## What is required
Narrow the data below down to the lines containing "assoc".

═════ Records shown ═════

lemma star_sum: "st (sum f A) = (\<Sum>i\<in>A. st (f i))"
  by (induction A rule: infinite_finite_induct) (auto simp: star_add)

lemma star_power: "st (x ^ n) = st x ^ n"
  by (induction n) (auto simp: star_mult power_commutes)

lemma norm_power_two_pow_selfadjoint:
  assumes "st y = y"
  shows "norm (y ^ (2 ^ k)) = norm y ^ (2 ^ k)"
proof (induction k)
  case (Suc k)
  have "y ^ (2 ^ Suc k) = st (y ^ (2 ^ k)) * y ^ (2 ^ k)"
    by (simp add: star_power assms mult_2 flip: power_add)
  then have "norm (y ^ (2 ^ Suc k)) = (norm (y ^ (2 ^ k)))\<^sup>2"
    by (simp add: norm_star_mult_self)
  also have "\<dots> = norm y ^ (2 ^ Suc k)"
    by (simp add: Suc power_mult[symmetric] mult.commute)
  finally show ?case .
qed simp

definition projection :: "'a \<Rightarrow> bool" where
  "projection p \<longleftrightarrow> st p = p \<and> p * p = p"

lemma projection_one_minus: "projection p \<Longrightarrow> projection (1 - p)"
  by (simp add: projection_def star_diff algebra_simps)

lemma norm_projection_le_one:
  assumes "projection p"
  shows "norm p \<le> 1"
proof -
  have "norm p = (norm p)\<^sup>2"
    using norm_star_mult_self[of p] assms by (simp add: projection_def)
  then show ?thesis
    by (cases "norm p = 0") (simp_all add: power2_eq_square)
qed

lemma norm_projection_add_orthogonal_le_one:
  assumes p: "projection p" and y: "st y = y" "p * y = 0" "y * p = 0" "norm y \<le> 1"
  shows "norm (p + y) \<le> 1"
proof -
  have power: "(p + y) ^ Suc n = p + y ^ Suc n" for n
  proof (induction n)
    case (Suc n)
    have "(p + y) ^ Suc (Suc n) = p * p + p * y ^ Suc n + y * p + y * y ^ Suc n"
      by (simp only: power_Suc[of "p + y" "Suc n"] Suc) (simp add: algebra_simps)
    moreover have "p * y ^ Suc n = 0"
      by (simp add: y mult.assoc[symmetric])
    ultimately show ?case
      using p y by (simp add: projection_def)
  qed simp
  have "norm (p + y) ^ (2 ^ k) \<le> 2" for k
  proof -
    have "norm (p + y) ^ (2 ^ k) = norm (p + y ^ (2 ^ k))"
      using norm_power_two_pow_selfadjoint[of "p + y" k] power[of "2 ^ k - 1"] p y
      by (simp add: projection_def star_add)
    also have "\<dots> \<le> norm p + norm y ^ (2 ^ k)"
      using norm_triangle_ineq norm_power_ineq add_left_mono order_trans by metis
    also have "\<dots> \<le> 2"
      using norm_projection_le_one[OF p] power_le_one[OF norm_ge_zero y(4), of "2 ^ k"] by simp
    finally show ?thesis .
  qed
  then show ?thesis
    by (rule le_one_if_pow_two_pow_bounded[OF norm_ge_zero])
qed

lemma norm_one_minus_compression_le_one:
  assumes p: "projection p" and q: "projection q"
  shows "norm (1 - p * q * p) \<le> 1"
proof -
  let ?y = "p * (1 - q) * p"
  have decomp: "1 - p * q * p = (1 - p) + ?y"
    using p by (simp add: projection_def right_diff_distrib left_diff_distrib)
  have "st ?y = ?y"
    using p q by (simp add: projection_def star_mult star_diff mult.assoc)
  moreover have "(1 - p) * ?y = 0" "?y * (1 - p) = 0"
  proof -
    have "(1 - p) * p = 0" "p * (1 - p) = 0"
      using p by (simp_all add: projection_def algebra_simps)
    moreover have "(1 - p) * ?y = ((1 - p) * p) * ((1 - q) * p)" "?y * (1 - p) = p * (1 - q) * (p * (1 - p))"
      by (simp_all only: mult.assoc)
    ultimately show "(1 - p) * ?y = 0" "?y * (1 - p) = 0"
      by simp_all
  qed
  moreover have "norm ?y \<le> 1"
  proof -
    have "norm ?y \<le> norm p * norm (1 - q) * norm p"
      by (metis norm_mult_ineq mult_right_mono norm_ge_zero order_trans)
    also have "\<dots> \<le> 1"
      using norm_projection_le_one[OF p] norm_projection_le_one[OF projection_one_minus[OF q]]
      by (simp add: mult_le_one)
    finally show ?thesis .
  qed
  ultimately show ?thesis
    unfolding decomp by (rule norm_projection_add_orthogonal_le_one[OF projection_one_minus[OF p]])
qed

definition of_complex :: "complex \<Rightarrow> 'a" where
  "of_complex c = Re c *\<^sub>R 1 + Im c *\<^sub>R j"

lemma of_complex_commute: "of_complex c * x = x * of_complex c"
  by (simp add: of_complex_def algebra_simps j_commute)

lemma of_complex_0 [simp]: "of_complex 0 = 0"
  by (simp add: of_complex_def)

lemma of_complex_add: "of_complex (c + d) = of_complex c + of_complex d"
  by (simp add: of_complex_def algebra_simps)

lemma of_complex_mult: "of_complex (c * d) = of_complex c * of_complex d"
  by (simp add: of_complex_def algebra_simps j_mult_j)

lemma of_complex_of_real: "of_complex (complex_of_real r) = of_real r"
  by (simp add: of_complex_def of_real_def)

lemma norm_one_plus_of_complex_mult_le_one_double:
  assumes disc: "\<And>w. cmod w \<le> r \<Longrightarrow> norm (1 + of_complex w * g) \<le> 1"
    and z: "cmod z \<le> sqrt 2 * r"
  shows "norm (1 + of_complex z * g) \<le> 1"
proof -
  define w where "w = z / (1 + \<i>)"
  have "cmod (1 + \<i>) = sqrt 2"
    by (simp add: cmod_def)
  then have w: "cmod w \<le> r" "cmod (\<i> * w) \<le> r"
    using z by (simp_all add: w_def norm_mult norm_divide divide_le_eq mult.commute)
  have z_eq: "z = w + \<i> * w"
    by (simp add: w_def complex_eq_iff field_simps)
  have square: "(1 + of_complex v * g) * (1 + of_complex v * g)
      = 1 + 2 *\<^sub>R (of_complex v * g) + of_complex (v * v) * (g * g)" for v
  proof -
    have "of_complex v * g * (of_complex v * g) = of_complex (v * v) * (g * g)"
      by (metis of_complex_commute of_complex_mult mult.assoc)
    then show ?thesis
      by (simp add: algebra_simps scaleR_2)
  qed
  \<comment> \<open>The linear terms add up to \<open>z g\<close> and, as \<open>w\<^sup>2 + (\<i> w)\<^sup>2 = 0\<close>, the quadratic ones cancel.\<close>
  have "(1 + of_complex w * g) * (1 + of_complex w * g)
        + (1 + of_complex (\<i> * w) * g) * (1 + of_complex (\<i> * w) * g)
      = 2 *\<^sub>R (1 + of_complex z * g)"
    unfolding square z_eq
    by (simp add: algebra_simps scaleR_2 flip: distrib_right of_complex_add)
  moreover have "norm (y * y) \<le> 1" if "norm y \<le> 1" for y :: 'a
    using norm_mult_ineq[of y y] that mult_le_one[OF that norm_ge_zero that] by linarith
  ultimately have "norm (2 *\<^sub>R (1 + of_complex z * g)) \<le> 2"
    using disc[OF w(1)] disc[OF w(2)] norm_triangle_le by (metis one_add_one add_mono)
  then show ?thesis
    by simp
qed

═════

## Task result
      by (simp add: y mult.assoc[symmetric])
    using p q by (simp add: projection_def star_mult star_diff mult.assoc)
      by (simp_all only: mult.assoc)
      by (metis of_complex_commute of_complex_mult mult.assoc)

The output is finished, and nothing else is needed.